Exercise directions |
Among the lines of data below, reproduce only those from the one with "(* Let $m\geq" through the one with "Context: All polynomials", exactly as they stand, both ends included.
══ Available data ══
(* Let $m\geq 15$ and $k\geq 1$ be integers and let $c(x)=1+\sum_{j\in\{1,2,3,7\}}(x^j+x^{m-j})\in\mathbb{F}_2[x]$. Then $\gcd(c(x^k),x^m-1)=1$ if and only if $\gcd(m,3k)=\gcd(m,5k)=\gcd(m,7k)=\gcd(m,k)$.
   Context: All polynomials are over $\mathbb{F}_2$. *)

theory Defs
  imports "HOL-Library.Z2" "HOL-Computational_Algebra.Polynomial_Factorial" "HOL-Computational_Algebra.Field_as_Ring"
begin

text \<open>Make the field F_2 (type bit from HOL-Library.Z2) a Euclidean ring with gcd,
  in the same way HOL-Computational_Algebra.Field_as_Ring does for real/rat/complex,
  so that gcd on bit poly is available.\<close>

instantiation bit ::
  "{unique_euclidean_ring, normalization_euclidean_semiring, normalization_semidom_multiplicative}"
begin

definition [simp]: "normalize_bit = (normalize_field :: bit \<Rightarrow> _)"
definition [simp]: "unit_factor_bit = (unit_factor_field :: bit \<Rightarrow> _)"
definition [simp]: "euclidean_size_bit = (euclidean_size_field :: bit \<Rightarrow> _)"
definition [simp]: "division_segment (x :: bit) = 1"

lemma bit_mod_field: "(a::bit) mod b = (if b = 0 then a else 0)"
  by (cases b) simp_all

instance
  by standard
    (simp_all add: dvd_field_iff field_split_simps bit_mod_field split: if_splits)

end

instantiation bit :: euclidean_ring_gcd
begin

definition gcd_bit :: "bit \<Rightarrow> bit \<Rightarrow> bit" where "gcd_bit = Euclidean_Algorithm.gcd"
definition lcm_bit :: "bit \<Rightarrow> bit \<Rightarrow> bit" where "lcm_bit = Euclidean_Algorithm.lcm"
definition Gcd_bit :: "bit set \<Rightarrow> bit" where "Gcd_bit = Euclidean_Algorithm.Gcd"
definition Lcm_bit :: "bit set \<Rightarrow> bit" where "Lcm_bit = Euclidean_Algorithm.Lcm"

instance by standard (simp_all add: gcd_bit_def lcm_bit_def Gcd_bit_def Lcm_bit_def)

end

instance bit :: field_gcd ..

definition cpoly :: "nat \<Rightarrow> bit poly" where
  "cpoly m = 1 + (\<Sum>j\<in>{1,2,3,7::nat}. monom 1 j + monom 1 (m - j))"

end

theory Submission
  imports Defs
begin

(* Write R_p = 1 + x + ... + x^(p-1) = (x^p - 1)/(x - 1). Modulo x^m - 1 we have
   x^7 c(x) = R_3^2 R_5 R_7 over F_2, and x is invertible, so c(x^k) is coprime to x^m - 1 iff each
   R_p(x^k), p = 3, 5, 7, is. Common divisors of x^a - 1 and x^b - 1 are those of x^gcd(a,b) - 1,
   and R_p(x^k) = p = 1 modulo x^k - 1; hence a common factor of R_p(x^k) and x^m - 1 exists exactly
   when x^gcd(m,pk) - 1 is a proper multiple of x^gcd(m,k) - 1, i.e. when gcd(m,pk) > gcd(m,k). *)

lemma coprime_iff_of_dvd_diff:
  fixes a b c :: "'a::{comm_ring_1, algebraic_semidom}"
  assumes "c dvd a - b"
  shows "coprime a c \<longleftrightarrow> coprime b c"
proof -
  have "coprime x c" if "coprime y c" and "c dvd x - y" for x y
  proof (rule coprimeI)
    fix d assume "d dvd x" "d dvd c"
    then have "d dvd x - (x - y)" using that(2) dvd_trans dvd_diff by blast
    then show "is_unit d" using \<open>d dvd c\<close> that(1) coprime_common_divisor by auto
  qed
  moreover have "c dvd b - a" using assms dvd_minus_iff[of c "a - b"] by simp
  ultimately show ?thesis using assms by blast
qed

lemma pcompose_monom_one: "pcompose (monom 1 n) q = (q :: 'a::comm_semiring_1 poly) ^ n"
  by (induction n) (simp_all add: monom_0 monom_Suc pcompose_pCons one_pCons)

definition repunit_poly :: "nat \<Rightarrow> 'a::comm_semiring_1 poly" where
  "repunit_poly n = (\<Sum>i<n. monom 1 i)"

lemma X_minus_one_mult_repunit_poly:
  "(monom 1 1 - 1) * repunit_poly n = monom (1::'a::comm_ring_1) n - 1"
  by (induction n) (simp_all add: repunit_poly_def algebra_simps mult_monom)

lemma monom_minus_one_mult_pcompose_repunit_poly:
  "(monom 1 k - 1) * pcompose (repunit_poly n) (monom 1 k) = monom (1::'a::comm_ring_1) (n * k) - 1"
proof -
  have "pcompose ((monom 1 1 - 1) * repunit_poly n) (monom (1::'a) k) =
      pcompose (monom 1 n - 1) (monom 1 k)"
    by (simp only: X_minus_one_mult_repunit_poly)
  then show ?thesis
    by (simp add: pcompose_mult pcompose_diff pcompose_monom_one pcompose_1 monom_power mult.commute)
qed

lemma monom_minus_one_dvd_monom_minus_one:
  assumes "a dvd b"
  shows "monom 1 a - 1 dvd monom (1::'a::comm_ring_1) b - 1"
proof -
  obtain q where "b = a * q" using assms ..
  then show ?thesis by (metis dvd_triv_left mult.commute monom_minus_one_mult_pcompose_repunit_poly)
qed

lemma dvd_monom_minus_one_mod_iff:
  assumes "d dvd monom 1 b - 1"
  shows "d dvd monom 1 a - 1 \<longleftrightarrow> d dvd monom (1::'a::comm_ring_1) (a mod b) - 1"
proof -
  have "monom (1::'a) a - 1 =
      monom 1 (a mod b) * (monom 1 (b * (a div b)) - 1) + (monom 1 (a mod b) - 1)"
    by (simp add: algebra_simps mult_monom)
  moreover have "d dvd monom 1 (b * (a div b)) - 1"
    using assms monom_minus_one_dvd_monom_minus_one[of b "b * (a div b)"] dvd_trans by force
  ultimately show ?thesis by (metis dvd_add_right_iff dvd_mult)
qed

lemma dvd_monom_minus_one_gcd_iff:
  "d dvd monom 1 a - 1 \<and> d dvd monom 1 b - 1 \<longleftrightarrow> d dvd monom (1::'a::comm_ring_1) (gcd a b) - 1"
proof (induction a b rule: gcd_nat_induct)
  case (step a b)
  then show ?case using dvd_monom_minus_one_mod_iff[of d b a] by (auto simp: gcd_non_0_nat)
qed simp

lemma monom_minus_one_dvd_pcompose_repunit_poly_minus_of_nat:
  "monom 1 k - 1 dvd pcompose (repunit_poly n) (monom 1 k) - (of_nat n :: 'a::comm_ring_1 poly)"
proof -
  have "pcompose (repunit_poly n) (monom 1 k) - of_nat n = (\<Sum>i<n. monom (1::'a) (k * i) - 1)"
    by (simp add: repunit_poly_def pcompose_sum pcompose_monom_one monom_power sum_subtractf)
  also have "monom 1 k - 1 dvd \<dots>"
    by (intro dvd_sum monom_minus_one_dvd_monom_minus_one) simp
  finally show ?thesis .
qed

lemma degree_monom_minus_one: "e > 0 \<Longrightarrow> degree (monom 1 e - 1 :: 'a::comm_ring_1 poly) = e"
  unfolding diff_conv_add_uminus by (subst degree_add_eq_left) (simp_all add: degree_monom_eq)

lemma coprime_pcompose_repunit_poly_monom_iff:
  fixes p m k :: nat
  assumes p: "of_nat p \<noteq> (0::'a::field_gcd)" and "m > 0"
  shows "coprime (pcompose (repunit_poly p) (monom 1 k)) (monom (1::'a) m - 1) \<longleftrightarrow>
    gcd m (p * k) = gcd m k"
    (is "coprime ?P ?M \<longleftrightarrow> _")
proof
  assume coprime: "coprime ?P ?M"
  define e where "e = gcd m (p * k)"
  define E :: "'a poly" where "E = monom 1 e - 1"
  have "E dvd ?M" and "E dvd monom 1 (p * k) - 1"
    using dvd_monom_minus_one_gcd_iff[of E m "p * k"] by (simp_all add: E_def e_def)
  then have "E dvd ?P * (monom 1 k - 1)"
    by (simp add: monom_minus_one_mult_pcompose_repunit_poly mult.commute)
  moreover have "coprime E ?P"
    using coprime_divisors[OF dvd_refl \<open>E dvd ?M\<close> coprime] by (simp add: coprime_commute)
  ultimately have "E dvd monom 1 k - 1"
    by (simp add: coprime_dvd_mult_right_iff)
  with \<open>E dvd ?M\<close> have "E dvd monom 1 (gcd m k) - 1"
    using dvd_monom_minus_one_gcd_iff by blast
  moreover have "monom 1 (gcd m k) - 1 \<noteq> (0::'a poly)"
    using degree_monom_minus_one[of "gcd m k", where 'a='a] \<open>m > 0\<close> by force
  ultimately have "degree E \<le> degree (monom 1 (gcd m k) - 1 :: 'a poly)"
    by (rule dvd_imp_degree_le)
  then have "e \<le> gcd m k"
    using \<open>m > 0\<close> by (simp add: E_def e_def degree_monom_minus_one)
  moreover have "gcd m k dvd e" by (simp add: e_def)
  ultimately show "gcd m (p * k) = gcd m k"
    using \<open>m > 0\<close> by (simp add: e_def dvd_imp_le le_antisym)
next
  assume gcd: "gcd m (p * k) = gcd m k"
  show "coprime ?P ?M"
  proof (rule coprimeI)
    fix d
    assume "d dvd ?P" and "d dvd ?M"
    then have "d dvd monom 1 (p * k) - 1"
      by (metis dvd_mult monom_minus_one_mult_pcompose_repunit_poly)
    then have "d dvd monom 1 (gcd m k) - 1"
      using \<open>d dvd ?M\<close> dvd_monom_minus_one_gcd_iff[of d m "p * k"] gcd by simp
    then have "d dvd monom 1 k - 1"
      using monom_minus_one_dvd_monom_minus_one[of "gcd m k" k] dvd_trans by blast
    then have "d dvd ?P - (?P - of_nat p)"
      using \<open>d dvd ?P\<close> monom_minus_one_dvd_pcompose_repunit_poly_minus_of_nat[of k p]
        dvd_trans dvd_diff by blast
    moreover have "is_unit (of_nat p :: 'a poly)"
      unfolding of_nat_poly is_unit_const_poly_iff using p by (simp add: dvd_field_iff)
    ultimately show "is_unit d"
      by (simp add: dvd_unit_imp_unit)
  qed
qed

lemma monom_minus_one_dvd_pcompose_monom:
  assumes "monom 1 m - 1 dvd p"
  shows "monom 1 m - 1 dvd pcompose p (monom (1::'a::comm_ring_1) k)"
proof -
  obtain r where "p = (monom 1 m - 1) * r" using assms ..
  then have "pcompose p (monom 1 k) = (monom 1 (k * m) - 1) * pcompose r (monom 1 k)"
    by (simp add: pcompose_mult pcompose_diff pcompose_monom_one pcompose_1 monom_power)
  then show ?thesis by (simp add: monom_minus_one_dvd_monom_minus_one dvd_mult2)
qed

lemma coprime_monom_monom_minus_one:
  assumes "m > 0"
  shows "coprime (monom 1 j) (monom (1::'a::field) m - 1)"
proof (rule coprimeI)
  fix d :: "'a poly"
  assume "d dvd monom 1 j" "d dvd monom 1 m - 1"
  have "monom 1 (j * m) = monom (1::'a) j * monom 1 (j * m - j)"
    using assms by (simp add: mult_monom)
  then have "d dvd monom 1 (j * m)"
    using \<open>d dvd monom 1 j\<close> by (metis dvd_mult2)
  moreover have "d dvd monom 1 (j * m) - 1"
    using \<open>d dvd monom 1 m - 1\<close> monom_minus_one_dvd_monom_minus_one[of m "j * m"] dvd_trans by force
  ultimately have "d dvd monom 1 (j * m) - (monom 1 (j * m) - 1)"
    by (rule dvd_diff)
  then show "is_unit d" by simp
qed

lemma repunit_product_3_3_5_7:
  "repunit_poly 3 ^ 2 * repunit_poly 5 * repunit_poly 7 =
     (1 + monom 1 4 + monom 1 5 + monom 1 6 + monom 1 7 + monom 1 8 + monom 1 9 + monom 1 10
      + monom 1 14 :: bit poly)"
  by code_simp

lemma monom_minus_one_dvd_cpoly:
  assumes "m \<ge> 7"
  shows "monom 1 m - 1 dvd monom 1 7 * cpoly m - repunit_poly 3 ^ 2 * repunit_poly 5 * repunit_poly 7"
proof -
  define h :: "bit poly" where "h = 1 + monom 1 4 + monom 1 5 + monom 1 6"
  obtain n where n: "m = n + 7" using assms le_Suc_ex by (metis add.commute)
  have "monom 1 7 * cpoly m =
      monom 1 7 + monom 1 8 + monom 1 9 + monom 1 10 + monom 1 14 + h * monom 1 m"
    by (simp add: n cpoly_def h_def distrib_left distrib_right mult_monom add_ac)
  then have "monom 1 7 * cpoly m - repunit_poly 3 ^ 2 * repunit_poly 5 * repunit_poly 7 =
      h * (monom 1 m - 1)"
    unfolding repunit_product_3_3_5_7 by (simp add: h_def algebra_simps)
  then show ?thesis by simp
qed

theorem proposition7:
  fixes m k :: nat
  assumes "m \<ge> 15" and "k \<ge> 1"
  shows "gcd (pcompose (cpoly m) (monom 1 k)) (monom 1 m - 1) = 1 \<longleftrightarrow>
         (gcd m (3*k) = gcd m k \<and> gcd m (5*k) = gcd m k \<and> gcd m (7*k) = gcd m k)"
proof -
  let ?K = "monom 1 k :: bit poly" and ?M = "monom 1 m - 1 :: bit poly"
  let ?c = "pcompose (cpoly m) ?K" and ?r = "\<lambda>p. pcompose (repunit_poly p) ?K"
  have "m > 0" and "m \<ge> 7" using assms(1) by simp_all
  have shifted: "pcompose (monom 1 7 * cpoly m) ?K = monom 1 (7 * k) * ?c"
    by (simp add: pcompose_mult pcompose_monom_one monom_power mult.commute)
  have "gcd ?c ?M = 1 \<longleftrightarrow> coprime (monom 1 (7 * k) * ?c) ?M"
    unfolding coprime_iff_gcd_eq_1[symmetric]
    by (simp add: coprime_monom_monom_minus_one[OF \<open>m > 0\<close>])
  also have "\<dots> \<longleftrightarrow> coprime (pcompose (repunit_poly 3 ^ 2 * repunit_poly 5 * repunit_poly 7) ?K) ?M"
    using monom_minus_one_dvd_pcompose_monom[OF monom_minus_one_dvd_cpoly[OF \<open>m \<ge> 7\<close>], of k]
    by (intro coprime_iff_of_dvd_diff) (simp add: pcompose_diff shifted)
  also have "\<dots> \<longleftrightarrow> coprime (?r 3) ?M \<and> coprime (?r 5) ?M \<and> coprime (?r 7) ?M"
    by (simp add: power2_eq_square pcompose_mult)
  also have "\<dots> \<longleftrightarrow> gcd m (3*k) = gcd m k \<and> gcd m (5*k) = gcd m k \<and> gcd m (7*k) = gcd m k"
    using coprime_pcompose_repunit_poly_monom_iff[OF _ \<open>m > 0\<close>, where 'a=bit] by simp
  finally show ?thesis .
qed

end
═══
══ Available data ══
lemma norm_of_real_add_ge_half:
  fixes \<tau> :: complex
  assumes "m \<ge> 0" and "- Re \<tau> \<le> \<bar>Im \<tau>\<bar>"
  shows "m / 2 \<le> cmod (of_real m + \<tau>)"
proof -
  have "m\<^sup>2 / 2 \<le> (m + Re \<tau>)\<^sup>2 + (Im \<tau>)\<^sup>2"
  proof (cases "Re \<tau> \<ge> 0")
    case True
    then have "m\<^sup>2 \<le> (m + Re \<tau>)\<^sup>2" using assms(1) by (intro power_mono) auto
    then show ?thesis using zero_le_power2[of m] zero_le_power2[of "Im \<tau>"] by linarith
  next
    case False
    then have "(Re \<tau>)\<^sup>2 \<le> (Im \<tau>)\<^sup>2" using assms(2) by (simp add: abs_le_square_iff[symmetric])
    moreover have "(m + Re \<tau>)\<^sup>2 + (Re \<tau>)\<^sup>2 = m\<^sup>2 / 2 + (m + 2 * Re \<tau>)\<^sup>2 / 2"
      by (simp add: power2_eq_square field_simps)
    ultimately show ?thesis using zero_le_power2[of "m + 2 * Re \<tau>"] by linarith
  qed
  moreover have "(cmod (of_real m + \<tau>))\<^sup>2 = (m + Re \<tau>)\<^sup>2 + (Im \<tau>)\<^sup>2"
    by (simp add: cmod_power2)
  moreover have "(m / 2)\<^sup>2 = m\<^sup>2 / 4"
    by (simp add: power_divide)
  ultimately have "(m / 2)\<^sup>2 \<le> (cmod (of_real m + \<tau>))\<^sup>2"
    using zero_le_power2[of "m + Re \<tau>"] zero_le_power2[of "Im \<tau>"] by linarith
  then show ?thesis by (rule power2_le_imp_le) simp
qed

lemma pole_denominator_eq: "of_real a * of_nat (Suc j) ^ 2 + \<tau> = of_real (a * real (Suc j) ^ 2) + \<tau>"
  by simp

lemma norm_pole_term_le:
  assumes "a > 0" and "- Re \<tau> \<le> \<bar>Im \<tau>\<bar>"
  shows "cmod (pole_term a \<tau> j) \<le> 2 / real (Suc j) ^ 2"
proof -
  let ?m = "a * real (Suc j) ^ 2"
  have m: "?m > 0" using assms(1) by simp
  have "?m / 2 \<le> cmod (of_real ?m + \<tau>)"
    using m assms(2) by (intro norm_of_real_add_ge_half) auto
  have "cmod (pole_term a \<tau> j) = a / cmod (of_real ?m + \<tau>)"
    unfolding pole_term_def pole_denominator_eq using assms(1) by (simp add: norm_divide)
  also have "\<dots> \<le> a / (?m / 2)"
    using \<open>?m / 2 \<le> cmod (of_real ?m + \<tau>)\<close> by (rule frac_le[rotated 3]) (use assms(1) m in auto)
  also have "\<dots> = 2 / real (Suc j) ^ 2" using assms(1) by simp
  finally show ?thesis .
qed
═══
══ Available data ══
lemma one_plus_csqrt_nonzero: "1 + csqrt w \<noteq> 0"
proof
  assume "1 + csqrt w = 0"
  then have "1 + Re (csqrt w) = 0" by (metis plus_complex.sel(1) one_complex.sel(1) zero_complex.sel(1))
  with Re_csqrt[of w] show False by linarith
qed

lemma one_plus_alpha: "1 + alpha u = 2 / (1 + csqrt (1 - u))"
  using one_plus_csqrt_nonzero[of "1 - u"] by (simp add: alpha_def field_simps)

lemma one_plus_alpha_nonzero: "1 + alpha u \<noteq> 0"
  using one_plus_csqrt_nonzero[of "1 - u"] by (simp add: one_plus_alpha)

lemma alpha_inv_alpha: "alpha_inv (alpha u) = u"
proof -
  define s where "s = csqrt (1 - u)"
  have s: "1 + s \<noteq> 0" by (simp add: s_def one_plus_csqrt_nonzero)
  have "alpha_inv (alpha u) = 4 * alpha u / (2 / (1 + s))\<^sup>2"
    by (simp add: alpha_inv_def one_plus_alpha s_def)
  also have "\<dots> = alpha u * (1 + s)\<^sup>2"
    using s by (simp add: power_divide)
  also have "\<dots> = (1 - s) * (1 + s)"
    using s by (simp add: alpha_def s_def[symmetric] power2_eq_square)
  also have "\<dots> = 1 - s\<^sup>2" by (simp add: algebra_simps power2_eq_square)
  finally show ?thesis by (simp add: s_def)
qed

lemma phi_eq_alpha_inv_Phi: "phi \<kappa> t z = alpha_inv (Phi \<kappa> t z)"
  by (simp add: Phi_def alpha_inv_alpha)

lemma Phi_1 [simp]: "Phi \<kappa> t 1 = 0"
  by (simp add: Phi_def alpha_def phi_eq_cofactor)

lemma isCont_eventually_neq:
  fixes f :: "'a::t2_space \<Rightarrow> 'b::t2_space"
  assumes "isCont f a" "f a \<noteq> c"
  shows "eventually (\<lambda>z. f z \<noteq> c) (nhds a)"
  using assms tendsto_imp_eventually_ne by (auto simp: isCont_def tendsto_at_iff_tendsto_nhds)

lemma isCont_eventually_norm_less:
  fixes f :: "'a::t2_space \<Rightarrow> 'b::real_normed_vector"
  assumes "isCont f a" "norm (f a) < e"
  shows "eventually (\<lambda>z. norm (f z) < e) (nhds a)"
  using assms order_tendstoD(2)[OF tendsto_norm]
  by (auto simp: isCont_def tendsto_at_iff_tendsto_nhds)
═══
Task solution |
(* Let $m\geq 15$ and $k\geq 1$ be integers and let $c(x)=1+\sum_{j\in\{1,2,3,7\}}(x^j+x^{m-j})\in\mathbb{F}_2[x]$. Then $\gcd(c(x^k),x^m-1)=1$ if and only if $\gcd(m,3k)=\gcd(m,5k)=\gcd(m,7k)=\gcd(m,k)$.
   Context: All polynomials are over $\mathbb{F}_2$. *)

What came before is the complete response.